Consultation on the future approach to quality regulation
Published 18 September 2025
Annex G: Data annex
Introduction
- This annex provides further detail about the proposed indicators and how they might be presented. It also sets out initial proposals for the tests we could use to determine whether a provider has sufficient indicators for use in TEF assessments (expanding on Proposal 9).
Presentation of indicators
- The data measures that we are currently considering using as evidence for assessing each aspect in the first cycle of future TEF assessments are set out in Table G1.
- We expect to consult on measures for taught postgraduate and modular provision before using them in the second cycle of assessments. That would include any related changes to the presentation of the indicators.
Table G1: Proposed measures by aspect of assessment
Student experience |
Student outcomes |
|
|
- We intend to retain the current approach to benchmarking the TEF indicators. Benchmarking takes account of the characteristics of a provider’s students and courses. It enables the assessment to consider the quality of the student experience and outcomes for a provider’s particular mix of students and courses. We envisage applying the existing methodology to the additional post-study measures we are proposing. As part of the second stage consultation in 2026, we intend to consult on the details of these new measures, including how they would be benchmarked, and on any adjustments to benchmarking for any other indicators.

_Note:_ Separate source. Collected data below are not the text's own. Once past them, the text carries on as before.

(* Let $N\in\mathbb N$ and, for $p>1$ and $x\in\mathbb R$, let \[\mathfrak h_{p,N}(x)=\sum_{n\in\mathbb Z,\ |x-n|>N}|\mathrm{sinc}(x-n)|^p .\] Then there exists $p_*$ such that $x=1/2$ is a local minimum point of $\mathfrak h_{p,N}$ if $p>p_*$ and a local maximum point of $\mathfrak h_{p,N}$ if $p<p_*$. The value $p_*$ is a solution of the equation \[4(p_*+1)\lambda(p_*+2;N)-\pi^2\lambda(p_*;N)=0,\] and it satisfies \[p_*\ge \frac18\Big(\pi^2(2N+1)^2-12+\sqrt{(\pi^2(2N+1)^2-12)^2-128}\Big),\] \[p_*\le \frac14\sqrt{72\pi^2(N+1)^2\big(2\pi^2(N+1)^2-2-\pi^2\big)+4+36\pi^2+9\pi^4}+3\pi^2(N+1)^2-\frac34(2+\pi^2).\]
   Context: $\mathrm{sinc}(x)=\frac{\sin(\pi x)}{\pi x}$ for $x\neq0$ and $\mathrm{sinc}(0)=1$. The incomplete Lambda function is $\lambda(s;a)=\sum_{n=1}^\infty \frac{1}{(2(n+a)-1)^s}$ for $s>1$, $a\ge 0$. *)

theory Defs
  imports "HOL-Analysis.Analysis"
begin

definition nsinc :: "real \<Rightarrow> real" where
  "nsinc x = (if x = 0 then 1 else sin (pi * x) / (pi * x))"

definition incLambda :: "real \<Rightarrow> real \<Rightarrow> real" where
  "incLambda s a = (\<Sum>n. 1 / (2 * (real (Suc n) + a) - 1) powr s)"

definition hfun :: "real \<Rightarrow> nat \<Rightarrow> real \<Rightarrow> real" where
  "hfun p N x = infsum (\<lambda>n::int. \<bar>nsinc (x - of_int n)\<bar> powr p)
                   {n::int. \<bar>x - of_int n\<bar> > real N}"

definition local_min_point :: "(real \<Rightarrow> real) \<Rightarrow> real \<Rightarrow> bool" where
  "local_min_point f x0 \<longleftrightarrow> (\<forall>\<^sub>F y in at x0. f x0 \<le> f y)"

definition local_max_point :: "(real \<Rightarrow> real) \<Rightarrow> real \<Rightarrow> bool" where
  "local_max_point f x0 \<longleftrightarrow> (\<forall>\<^sub>F y in at x0. f y \<le> f x0)"

end

theory Submission
  imports Defs "HOL-Real_Asymp.Real_Asymp"
begin

text \<open>
  For \<open>\<bar>t\<bar> < 1/2\<close> every term of \<open>hfun p N (1/2 + t)\<close> has numerator \<open>cos (pi * t) powr p\<close>, and the
  indices split into \<open>n > N\<close> and \<open>n \<le> -N\<close>; hence \<open>hfun p N (1/2 + t)\<close> equals
  \<open>pi powr (-p) * cos (pi * t) powr p * (\<zeta>(p, a - t) + \<zeta>(p, a + t))\<close> with the Hurwitz zeta
  function \<open>\<zeta>\<close> and \<open>a = N + 1/2\<close>. Expanding both factors to second order in \<open>t\<close> gives
  \<open>hfun p N (1/2 + t) - hfun p N (1/2) = p * pi powr (-p) * G(p) * t\<^sup>2 + o(t\<^sup>2)\<close> with
  \<open>G(p) = (p + 1) * \<zeta>(p + 2, a) - pi\<^sup>2 * \<zeta>(p, a)\<close> (\<open>curv_coeff a p\<close> below); since
  \<open>\<lambda>(s; N) = 2 powr (-s) * \<zeta>(s, a)\<close>, the equation for \<open>p\<^sub>*\<close> reads \<open>G(p\<^sub>*) = 0\<close>.

  \<open>G\<close> is negative for \<open>p + 1 < pi\<^sup>2 * a\<^sup>2\<close> and nonnegative at \<open>p = 2 * pi\<^sup>2 * a\<^sup>2 - 1\<close>, so it has a
  root \<open>p\<^sub>*\<close> in between. This root is the only sign change: subtracting a suitable multiple of the
  vanishing series for \<open>G(p\<^sub>*)\<close> from the series for \<open>G(p)\<close> leaves terms that all have the sign of
  \<open>p - p\<^sub>*\<close>. The bounds on \<open>p\<^sub>*\<close> in the theorem are coarser than this bracket.
\<close>

section \<open>The Hurwitz zeta function\<close>

definition hurwitz_zeta :: "real \<Rightarrow> real \<Rightarrow> real" where
  "hurwitz_zeta s a = (\<Sum>j. (a + real j) powr (-s))"

lemma summable_hurwitz_zeta:
  assumes "0 < a" "1 < s"
  shows "summable (\<lambda>j. (a + real j) powr (-s))"
proof (rule summable_comparison_test)
  show "summable (\<lambda>j. real j powr (-s))"
    using summable_real_powr_iff[of "-s"] assms by simp
  show "\<exists>M. \<forall>j\<ge>M. norm ((a + real j) powr (-s)) \<le> real j powr (-s)"
    using assms by (intro exI[of _ 1] allI impI) (auto intro!: powr_mono2')
qed

lemma hurwitz_zeta_sums:
  "0 < a \<Longrightarrow> 1 < s \<Longrightarrow> (\<lambda>j. (a + real j) powr (-s)) sums hurwitz_zeta s a"
  unfolding hurwitz_zeta_def by (rule summable_sums[OF summable_hurwitz_zeta])

lemma hurwitz_zeta_pos: "0 < a \<Longrightarrow> 1 < s \<Longrightarrow> 0 < hurwitz_zeta s a"
  unfolding hurwitz_zeta_def by (rule suminf_pos[OF summable_hurwitz_zeta]) auto

lemma incLambda_eq_hurwitz_zeta:
  assumes "0 \<le> a" "1 < s"
  shows "incLambda s a = 2 powr (-s) * hurwitz_zeta s (a + 1/2)"
proof -
  have term_eq: "1 / (2 * (real (Suc j) + a) - 1) powr s = 2 powr (-s) * (a + 1/2 + real j) powr (-s)"
    for j
  proof -
    have "2 * (real (Suc j) + a) - 1 = 2 * (a + 1/2 + real j)" by simp
    then have "1 / (2 * (real (Suc j) + a) - 1) powr s = 1 / (2 powr s * (a + 1/2 + real j) powr s)"
      by (simp only: powr_mult)
    then show ?thesis
      by (simp add: powr_minus_divide)
  qed
  have "incLambda s a = (\<Sum>j. 2 powr (-s) * (a + 1/2 + real j) powr (-s))"
    unfolding incLambda_def by (simp only: term_eq)
  also have "\<dots> = 2 powr (-s) * hurwitz_zeta s (a + 1/2)"
    unfolding hurwitz_zeta_def using assms by (intro suminf_mult summable_hurwitz_zeta) auto
  finally show ?thesis .
qed

lemma hurwitz_zeta_continuous_on:
  assumes "1 \<le> a" "1 < s0"
  shows "continuous_on {s0..} (\<lambda>s. hurwitz_zeta s a)"
proof -
  have "uniform_limit {s0..} (\<lambda>n s. \<Sum>j<n. (a + real j) powr (-s))
      (\<lambda>s. hurwitz_zeta s a) sequentially"
    unfolding hurwitz_zeta_def
  proof (rule Weierstrass_m_test)
    show "norm ((a + real j) powr (-s)) \<le> (a + real j) powr (-s0)" if "s \<in> {s0..}" for j s
      using assms that by (auto intro!: powr_mono)
    show "summable (\<lambda>j. (a + real j) powr (-s0))"
      using assms by (intro summable_hurwitz_zeta) auto
  qed
  then show ?thesis
    by (rule uniform_limit_theorem[rotated])
      (use assms in \<open>auto intro!: always_eventually continuous_intros\<close>)
qed

lemma powr_minus_plus_two: "0 < x \<Longrightarrow> x powr (-(s + 2)) = x powr (-s) / x\<^sup>2"
  for x s :: real
  by (simp add: powr_diff[of x "-s" 2, simplified] powr_realpow)

section \<open>The second-order coefficient and its root\<close>

definition curv_coeff :: "real \<Rightarrow> real \<Rightarrow> real" where
  "curv_coeff a p = (p + 1) * hurwitz_zeta (p + 2) a - pi\<^sup>2 * hurwitz_zeta p a"

lemma curv_coeff_sums:
  assumes "0 < a" "1 < p"
  shows "(\<lambda>j. (p + 1) * (a + real j) powr (-(p + 2)) - pi\<^sup>2 * (a + real j) powr (-p))
           sums curv_coeff a p"
  unfolding curv_coeff_def using assms by (intro sums_diff sums_mult hurwitz_zeta_sums) auto

lemma powr_neg_diff_mult_sq_diff_nonneg:
  fixes u w d :: real
  assumes "0 < u" "0 < w"
  shows "0 \<le> d * ((u powr (-d) - w powr (-d)) * (w\<^sup>2 - u\<^sup>2))"
proof -
  have sq: "0 \<le> w\<^sup>2 - u\<^sup>2 \<longleftrightarrow> u \<le> w"
    using assms by (simp add: power_mono_iff)
  consider "u \<le> w" "0 \<le> d" | "u \<le> w" "d < 0" | "w < u" "0 \<le> d" | "w < u" "d < 0"
    by linarith
  then show ?thesis
  proof cases
    case 1
    then have "w powr (-d) \<le> u powr (-d)" using assms by (intro powr_mono2') auto
    then show ?thesis using 1 sq by simp
  next
    case 2
    then have "u powr (-d) \<le> w powr (-d)" using assms by (intro powr_mono2) auto
    then show ?thesis using 2 sq by (simp add: mult_nonpos_nonneg mult_nonpos_nonpos)
  next
    case 3
    then have "u powr (-d) \<le> w powr (-d)" using assms by (intro powr_mono2') auto
    then show ?thesis using 3 sq by (simp add: mult_nonpos_nonpos)
  next
    case 4
    then have "w powr (-d) \<le> u powr (-d)" using assms by (intro powr_mono2) auto
    then show ?thesis using 4 sq by (simp add: mult_nonpos_nonpos mult_nonneg_nonpos)
  qed
qed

- We intend to retain the current approach of presenting ‘overall’ TEF indicators that group all undergraduate levels of study together, and aggregate the data over a four year period. These overall indicators would be presented separately for each mode of study (full-time, part-time, and apprenticeships if applicable).
- The overall indicators would also be ‘split’ to show different levels of study, subjects, student characteristics, years and other groupings. We intend to review existing split indicators to identify which are most relevant and whether there might be scope to remove any to reduce complexity in the dataset. We would consult on any proposed changes to split indicators as part of the second stage consultation in 2026.
- We are also proposing the data dashboards would present the indicators for two views of each provider’s student population:
- taught only (students that the provider teaches)
- subcontracted out and validated only (students taught by others through partnership arrangements).
- As described under Proposal 3: Provision in scope, we consider that presenting indicators separately for taught and partnership provision would increase the visibility of any differences in quality between these two groups. We are also considering introducing additional splits for provision delivered through partnerships, which would break down the data by each named partnership.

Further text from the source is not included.